Records for the exercise:
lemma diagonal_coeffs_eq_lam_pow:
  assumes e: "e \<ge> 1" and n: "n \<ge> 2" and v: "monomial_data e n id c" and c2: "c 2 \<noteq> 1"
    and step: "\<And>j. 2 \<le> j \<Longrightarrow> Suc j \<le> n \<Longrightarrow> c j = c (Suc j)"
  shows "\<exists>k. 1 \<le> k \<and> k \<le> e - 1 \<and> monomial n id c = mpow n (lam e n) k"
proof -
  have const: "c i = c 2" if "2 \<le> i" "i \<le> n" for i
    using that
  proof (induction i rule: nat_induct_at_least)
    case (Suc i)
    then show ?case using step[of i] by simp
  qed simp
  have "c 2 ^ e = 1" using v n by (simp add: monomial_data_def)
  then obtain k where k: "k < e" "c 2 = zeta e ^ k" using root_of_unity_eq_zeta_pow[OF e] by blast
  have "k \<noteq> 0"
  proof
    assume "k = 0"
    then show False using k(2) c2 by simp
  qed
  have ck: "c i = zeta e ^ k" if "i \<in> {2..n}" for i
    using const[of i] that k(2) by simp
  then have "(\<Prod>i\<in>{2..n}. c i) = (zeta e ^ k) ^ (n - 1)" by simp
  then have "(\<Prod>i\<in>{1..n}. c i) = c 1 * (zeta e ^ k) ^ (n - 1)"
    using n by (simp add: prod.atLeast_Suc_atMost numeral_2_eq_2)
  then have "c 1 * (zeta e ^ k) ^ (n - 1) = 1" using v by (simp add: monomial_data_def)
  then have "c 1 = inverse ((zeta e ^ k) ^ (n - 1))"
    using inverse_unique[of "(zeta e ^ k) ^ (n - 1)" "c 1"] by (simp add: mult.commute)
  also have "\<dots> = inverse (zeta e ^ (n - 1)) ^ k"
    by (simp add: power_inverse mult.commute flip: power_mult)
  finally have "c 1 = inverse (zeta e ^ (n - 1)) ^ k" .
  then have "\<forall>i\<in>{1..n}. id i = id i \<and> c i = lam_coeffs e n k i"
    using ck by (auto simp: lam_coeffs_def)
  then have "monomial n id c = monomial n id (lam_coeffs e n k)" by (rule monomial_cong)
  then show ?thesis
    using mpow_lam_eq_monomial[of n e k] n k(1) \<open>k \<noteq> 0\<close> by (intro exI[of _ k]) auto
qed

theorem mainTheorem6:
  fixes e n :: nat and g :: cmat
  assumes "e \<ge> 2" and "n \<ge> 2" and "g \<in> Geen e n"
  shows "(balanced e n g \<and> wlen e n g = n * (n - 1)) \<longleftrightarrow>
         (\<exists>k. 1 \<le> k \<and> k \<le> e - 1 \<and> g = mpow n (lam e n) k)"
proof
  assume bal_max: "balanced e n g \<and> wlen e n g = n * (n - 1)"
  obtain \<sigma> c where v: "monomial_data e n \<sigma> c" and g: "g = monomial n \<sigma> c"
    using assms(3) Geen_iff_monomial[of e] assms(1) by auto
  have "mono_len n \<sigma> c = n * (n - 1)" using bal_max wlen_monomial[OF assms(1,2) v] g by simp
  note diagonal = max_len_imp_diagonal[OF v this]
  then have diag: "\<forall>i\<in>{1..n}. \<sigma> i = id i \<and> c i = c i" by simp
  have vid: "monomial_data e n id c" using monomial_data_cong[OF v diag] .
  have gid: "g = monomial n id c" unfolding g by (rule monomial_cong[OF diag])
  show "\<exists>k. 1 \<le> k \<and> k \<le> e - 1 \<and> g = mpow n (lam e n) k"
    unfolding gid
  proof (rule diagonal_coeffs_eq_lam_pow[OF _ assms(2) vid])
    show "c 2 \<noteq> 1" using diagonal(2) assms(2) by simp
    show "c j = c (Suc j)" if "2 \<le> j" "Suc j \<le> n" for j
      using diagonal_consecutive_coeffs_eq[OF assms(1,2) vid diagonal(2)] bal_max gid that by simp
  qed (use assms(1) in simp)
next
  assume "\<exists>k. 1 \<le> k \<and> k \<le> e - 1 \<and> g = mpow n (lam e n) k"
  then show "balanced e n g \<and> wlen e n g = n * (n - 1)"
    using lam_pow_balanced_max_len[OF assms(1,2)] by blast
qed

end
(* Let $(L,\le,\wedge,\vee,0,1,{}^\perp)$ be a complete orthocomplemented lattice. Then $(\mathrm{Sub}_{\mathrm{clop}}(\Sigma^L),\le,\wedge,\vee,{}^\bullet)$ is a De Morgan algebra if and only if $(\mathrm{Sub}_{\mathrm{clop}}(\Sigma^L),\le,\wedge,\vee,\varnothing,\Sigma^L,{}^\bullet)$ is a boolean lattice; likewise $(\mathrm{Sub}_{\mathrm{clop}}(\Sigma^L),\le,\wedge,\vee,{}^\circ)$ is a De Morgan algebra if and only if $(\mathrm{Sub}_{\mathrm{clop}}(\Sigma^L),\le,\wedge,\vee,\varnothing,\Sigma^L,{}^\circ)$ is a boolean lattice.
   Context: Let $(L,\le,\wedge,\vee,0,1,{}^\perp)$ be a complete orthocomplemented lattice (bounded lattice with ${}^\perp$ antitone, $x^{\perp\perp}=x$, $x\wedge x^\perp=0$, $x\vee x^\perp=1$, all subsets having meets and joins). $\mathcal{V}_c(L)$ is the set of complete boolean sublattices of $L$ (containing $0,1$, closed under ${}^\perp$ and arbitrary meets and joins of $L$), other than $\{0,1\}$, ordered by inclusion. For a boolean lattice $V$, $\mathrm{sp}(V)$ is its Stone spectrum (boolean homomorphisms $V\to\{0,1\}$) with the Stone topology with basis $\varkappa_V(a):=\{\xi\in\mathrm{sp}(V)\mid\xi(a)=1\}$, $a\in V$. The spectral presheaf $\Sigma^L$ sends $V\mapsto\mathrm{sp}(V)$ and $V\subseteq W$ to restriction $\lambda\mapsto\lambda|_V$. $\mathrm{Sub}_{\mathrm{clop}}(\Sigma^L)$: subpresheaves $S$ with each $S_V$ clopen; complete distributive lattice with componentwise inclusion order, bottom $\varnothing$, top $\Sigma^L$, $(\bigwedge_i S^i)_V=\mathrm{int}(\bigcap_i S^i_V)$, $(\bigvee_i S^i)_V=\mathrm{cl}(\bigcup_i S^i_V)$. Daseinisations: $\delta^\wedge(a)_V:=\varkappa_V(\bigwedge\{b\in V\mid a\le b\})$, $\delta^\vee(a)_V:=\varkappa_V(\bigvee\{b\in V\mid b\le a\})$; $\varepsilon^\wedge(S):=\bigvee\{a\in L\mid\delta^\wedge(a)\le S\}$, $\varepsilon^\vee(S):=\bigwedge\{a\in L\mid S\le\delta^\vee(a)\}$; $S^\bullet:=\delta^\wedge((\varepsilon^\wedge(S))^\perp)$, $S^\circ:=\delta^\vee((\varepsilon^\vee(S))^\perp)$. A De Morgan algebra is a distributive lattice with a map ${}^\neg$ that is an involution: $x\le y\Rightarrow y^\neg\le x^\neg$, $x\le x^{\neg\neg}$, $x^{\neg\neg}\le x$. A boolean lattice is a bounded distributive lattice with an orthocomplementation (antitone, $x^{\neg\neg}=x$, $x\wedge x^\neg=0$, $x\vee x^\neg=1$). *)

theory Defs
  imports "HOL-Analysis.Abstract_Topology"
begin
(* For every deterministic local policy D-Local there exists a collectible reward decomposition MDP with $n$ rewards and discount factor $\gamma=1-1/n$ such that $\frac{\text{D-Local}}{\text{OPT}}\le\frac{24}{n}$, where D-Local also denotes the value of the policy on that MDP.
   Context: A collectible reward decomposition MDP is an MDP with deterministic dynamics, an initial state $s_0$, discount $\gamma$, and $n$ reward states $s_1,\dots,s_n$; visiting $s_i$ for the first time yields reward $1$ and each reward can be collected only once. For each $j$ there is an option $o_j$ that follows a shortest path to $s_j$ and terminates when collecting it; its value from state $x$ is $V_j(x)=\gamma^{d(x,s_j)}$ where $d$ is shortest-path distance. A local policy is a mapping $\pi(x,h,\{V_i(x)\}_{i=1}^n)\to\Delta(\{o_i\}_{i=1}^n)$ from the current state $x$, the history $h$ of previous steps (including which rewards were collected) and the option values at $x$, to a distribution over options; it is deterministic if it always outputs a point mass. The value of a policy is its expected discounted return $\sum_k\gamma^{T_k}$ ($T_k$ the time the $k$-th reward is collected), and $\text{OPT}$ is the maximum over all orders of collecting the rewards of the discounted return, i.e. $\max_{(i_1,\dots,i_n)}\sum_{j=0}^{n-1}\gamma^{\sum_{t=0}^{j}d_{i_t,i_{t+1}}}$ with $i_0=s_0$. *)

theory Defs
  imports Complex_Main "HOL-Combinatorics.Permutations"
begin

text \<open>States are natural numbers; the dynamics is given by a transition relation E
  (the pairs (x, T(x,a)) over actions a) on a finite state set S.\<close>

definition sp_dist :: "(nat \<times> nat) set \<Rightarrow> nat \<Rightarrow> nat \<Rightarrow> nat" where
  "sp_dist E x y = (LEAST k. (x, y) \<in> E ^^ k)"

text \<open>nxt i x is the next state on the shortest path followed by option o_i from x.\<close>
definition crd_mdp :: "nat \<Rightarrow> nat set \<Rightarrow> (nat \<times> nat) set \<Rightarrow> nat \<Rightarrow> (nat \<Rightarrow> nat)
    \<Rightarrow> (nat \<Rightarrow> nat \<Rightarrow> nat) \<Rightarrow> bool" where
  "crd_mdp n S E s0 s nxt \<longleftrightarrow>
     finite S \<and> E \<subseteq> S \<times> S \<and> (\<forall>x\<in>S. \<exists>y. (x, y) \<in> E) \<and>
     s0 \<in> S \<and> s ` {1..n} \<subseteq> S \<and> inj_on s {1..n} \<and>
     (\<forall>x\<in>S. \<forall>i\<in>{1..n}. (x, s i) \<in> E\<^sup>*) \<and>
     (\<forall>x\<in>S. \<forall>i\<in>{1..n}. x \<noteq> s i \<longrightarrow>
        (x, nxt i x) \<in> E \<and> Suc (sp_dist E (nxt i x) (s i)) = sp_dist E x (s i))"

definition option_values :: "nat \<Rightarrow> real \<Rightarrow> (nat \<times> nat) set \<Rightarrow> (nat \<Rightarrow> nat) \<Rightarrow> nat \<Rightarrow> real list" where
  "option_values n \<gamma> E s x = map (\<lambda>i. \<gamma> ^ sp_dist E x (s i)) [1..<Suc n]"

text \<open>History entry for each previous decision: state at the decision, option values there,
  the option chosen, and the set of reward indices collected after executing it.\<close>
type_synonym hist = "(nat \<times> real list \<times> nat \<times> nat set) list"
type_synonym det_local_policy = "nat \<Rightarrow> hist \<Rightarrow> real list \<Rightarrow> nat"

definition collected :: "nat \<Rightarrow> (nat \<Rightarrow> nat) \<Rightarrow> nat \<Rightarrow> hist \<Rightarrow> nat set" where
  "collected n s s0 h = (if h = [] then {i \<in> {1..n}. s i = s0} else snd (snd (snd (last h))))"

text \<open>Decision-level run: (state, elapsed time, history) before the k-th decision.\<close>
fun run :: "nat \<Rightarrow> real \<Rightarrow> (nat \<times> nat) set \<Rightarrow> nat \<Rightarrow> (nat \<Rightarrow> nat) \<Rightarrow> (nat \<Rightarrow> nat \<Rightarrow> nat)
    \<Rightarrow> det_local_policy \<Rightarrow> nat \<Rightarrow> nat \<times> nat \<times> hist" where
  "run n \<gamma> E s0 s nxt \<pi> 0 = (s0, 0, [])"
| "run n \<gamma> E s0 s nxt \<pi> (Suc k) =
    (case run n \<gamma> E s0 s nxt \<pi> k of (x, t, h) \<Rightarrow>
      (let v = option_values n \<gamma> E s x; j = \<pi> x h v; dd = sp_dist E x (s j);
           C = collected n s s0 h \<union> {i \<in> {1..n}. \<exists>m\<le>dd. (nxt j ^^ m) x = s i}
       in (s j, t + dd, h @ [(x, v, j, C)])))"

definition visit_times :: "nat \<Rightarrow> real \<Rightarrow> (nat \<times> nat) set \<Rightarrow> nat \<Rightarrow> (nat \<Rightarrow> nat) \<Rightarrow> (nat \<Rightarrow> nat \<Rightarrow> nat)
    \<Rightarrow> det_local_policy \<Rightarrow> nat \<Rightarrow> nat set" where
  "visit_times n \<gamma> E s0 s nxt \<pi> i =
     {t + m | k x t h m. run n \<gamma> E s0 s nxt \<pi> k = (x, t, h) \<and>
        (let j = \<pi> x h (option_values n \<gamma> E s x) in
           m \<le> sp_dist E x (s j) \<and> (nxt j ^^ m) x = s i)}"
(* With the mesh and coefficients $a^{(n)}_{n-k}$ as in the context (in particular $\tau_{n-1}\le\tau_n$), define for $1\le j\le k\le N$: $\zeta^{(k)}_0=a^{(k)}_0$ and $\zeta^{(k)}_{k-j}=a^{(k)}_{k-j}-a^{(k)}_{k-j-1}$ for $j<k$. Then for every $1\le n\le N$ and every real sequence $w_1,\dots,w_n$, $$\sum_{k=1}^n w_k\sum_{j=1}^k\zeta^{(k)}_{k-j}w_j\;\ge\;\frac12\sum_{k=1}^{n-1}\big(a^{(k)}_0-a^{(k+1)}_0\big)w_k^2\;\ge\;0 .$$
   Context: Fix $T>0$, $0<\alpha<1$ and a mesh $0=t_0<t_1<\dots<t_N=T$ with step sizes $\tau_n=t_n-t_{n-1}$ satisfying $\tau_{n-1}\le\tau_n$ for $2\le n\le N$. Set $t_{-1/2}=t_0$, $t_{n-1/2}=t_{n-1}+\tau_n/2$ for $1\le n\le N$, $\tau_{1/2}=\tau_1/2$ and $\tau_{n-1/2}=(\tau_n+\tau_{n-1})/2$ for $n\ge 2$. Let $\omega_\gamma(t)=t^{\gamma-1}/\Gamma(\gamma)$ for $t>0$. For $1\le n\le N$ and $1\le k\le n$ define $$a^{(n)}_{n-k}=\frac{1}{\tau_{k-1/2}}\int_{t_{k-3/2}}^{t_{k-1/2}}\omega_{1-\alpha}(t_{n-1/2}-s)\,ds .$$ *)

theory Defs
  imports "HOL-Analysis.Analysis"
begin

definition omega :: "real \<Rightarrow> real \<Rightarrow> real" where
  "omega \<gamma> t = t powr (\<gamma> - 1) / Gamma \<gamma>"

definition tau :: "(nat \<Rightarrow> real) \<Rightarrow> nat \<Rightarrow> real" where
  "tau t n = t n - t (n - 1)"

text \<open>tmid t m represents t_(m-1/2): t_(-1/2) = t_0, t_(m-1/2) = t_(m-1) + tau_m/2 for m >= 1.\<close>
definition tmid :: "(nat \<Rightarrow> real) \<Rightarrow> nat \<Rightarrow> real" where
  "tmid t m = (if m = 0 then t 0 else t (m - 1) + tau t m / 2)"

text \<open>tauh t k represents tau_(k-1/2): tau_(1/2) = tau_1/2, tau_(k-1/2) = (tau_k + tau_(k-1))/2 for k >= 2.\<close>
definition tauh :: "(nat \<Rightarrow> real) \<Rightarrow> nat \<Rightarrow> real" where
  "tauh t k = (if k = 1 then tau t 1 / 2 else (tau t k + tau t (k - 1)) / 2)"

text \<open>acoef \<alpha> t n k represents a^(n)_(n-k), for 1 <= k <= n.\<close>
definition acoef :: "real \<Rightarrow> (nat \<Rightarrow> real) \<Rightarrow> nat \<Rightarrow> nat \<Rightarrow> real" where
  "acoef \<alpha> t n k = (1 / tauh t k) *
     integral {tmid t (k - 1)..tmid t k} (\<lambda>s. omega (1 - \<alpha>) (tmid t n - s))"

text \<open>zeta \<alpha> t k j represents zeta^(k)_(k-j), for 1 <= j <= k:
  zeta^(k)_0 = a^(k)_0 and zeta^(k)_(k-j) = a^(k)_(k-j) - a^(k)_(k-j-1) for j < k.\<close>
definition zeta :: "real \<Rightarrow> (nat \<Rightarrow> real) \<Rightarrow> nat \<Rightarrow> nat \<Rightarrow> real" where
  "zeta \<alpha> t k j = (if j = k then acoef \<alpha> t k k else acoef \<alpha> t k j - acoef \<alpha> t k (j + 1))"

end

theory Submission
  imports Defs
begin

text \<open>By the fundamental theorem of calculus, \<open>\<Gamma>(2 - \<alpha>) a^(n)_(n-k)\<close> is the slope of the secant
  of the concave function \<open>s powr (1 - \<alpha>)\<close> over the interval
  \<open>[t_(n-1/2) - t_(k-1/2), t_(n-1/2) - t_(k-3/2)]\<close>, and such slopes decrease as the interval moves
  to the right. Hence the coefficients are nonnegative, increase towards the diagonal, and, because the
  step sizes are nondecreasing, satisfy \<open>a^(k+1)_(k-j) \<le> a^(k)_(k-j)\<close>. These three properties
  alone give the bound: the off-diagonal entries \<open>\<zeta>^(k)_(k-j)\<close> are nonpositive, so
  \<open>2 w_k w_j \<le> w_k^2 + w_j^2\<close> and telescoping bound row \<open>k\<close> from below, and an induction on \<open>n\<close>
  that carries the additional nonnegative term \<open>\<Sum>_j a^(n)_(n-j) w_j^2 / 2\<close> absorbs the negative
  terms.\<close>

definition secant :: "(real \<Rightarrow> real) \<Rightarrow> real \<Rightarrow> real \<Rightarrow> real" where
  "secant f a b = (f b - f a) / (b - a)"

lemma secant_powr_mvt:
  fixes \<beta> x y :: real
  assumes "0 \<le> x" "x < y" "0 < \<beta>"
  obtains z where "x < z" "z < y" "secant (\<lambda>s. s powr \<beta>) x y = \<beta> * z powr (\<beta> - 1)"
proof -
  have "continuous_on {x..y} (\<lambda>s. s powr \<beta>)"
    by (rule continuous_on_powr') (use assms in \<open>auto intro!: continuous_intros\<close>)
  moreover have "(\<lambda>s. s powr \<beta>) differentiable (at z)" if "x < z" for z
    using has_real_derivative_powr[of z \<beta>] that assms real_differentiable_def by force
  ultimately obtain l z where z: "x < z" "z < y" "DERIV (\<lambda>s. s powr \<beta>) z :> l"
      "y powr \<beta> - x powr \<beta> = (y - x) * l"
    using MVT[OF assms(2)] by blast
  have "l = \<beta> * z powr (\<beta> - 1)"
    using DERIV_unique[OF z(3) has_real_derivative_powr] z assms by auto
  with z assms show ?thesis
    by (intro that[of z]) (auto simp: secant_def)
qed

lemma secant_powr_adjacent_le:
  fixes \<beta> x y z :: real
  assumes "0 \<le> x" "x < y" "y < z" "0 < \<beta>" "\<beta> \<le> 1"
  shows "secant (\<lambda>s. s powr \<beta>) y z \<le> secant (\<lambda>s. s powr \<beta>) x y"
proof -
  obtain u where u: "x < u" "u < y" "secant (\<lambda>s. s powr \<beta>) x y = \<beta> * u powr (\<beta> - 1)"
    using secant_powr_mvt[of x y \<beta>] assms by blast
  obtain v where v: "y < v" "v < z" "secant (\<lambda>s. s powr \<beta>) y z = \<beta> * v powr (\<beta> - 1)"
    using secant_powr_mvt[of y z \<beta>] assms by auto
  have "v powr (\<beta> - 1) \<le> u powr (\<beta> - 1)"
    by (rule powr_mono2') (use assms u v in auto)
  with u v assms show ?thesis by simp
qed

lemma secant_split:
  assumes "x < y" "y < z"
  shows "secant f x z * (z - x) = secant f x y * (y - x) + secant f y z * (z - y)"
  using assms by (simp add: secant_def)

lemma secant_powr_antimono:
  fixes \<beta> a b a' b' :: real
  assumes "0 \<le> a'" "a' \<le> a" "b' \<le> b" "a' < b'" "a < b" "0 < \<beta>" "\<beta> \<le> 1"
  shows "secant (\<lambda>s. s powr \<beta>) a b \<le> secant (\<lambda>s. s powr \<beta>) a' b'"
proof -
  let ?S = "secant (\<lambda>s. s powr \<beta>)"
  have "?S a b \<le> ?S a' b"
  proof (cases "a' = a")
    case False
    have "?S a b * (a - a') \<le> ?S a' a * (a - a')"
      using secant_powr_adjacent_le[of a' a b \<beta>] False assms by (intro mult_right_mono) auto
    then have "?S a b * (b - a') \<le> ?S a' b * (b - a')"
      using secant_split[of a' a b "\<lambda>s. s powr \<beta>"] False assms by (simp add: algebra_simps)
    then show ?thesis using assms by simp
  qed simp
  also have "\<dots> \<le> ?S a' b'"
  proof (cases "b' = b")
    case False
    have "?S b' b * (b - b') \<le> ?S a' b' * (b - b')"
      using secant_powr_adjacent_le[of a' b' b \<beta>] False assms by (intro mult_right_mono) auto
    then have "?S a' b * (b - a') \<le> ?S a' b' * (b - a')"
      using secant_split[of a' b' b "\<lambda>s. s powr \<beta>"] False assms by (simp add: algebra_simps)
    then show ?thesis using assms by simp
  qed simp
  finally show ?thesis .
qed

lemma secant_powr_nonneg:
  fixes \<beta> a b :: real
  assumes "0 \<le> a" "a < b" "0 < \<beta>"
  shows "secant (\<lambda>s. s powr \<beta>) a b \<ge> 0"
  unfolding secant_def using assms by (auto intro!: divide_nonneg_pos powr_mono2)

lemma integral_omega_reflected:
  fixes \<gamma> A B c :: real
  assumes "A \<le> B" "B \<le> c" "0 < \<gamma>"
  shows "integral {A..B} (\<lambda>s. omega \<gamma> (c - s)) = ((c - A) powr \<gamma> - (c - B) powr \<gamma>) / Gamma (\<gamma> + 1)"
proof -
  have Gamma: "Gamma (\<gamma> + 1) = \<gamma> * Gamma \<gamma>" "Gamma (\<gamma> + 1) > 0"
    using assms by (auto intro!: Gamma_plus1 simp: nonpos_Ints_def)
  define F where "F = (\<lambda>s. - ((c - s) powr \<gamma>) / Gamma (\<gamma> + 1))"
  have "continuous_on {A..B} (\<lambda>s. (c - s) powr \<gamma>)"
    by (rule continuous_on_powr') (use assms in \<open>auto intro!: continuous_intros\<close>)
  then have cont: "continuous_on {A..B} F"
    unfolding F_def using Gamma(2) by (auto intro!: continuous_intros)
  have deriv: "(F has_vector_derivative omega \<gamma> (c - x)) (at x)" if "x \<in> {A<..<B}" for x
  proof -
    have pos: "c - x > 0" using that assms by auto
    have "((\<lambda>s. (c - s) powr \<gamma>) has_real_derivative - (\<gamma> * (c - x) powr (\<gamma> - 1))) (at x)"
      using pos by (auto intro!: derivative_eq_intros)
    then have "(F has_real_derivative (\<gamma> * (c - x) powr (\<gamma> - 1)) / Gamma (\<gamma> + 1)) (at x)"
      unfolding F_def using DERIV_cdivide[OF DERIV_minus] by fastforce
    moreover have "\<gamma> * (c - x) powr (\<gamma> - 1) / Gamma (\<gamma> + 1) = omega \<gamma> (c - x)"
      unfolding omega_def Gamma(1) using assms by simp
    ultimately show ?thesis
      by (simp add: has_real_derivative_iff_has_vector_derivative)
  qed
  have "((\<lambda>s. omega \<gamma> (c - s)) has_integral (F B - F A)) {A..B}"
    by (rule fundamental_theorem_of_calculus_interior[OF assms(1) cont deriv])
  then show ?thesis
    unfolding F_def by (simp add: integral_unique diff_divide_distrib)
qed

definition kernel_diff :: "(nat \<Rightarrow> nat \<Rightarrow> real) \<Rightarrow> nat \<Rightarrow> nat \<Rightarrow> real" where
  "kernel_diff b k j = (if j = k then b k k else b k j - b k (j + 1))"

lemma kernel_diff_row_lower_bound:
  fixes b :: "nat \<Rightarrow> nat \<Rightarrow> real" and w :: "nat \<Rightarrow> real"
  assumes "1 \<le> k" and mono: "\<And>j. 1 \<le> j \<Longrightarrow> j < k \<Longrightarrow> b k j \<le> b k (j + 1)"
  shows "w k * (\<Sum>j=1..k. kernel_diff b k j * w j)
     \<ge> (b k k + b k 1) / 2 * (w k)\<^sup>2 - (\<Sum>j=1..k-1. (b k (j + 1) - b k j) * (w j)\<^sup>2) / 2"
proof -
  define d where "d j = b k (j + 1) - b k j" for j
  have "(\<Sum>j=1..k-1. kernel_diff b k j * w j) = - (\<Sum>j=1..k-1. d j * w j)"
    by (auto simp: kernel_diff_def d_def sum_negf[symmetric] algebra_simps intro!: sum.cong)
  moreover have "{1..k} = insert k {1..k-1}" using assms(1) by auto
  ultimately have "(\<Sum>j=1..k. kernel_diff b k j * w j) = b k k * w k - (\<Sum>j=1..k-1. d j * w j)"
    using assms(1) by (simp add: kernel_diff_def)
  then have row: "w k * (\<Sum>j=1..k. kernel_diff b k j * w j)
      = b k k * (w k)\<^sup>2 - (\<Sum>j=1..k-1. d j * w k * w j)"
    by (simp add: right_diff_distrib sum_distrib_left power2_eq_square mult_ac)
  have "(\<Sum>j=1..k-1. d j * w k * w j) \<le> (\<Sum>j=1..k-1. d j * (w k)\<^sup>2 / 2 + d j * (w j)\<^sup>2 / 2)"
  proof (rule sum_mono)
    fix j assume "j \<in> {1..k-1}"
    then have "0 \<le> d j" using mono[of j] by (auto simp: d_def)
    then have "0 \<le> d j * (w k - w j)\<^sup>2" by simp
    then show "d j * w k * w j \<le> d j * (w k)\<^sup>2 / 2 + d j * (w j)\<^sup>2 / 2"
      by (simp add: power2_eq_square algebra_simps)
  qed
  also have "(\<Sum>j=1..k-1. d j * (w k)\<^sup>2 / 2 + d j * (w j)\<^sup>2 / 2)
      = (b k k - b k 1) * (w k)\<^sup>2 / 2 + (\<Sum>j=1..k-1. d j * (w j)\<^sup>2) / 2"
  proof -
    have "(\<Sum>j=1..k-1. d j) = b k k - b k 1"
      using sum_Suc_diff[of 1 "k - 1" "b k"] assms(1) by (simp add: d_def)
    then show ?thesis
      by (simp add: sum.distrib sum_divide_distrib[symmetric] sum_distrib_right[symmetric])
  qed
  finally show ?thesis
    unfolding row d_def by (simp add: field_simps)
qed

About this exercise:
Once you reach the line with "fixes \<beta> a b a' b' :: real" in the data above, copy it and every line after it exactly, up to and including the line with "a') \<le> ?S a' b *".

Answer:
  fixes \<beta> a b a' b' :: real
  assumes "0 \<le> a'" "a' \<le> a" "b' \<le> b" "a' < b'" "a < b" "0 < \<beta>" "\<beta> \<le> 1"
  shows "secant (\<lambda>s. s powr \<beta>) a b \<le> secant (\<lambda>s. s powr \<beta>) a' b'"
proof -
  let ?S = "secant (\<lambda>s. s powr \<beta>)"
  have "?S a b \<le> ?S a' b"
  proof (cases "a' = a")
    case False
    have "?S a b * (a - a') \<le> ?S a' a * (a - a')"
      using secant_powr_adjacent_le[of a' a b \<beta>] False assms by (intro mult_right_mono) auto
    then have "?S a b * (b - a') \<le> ?S a' b * (b - a')"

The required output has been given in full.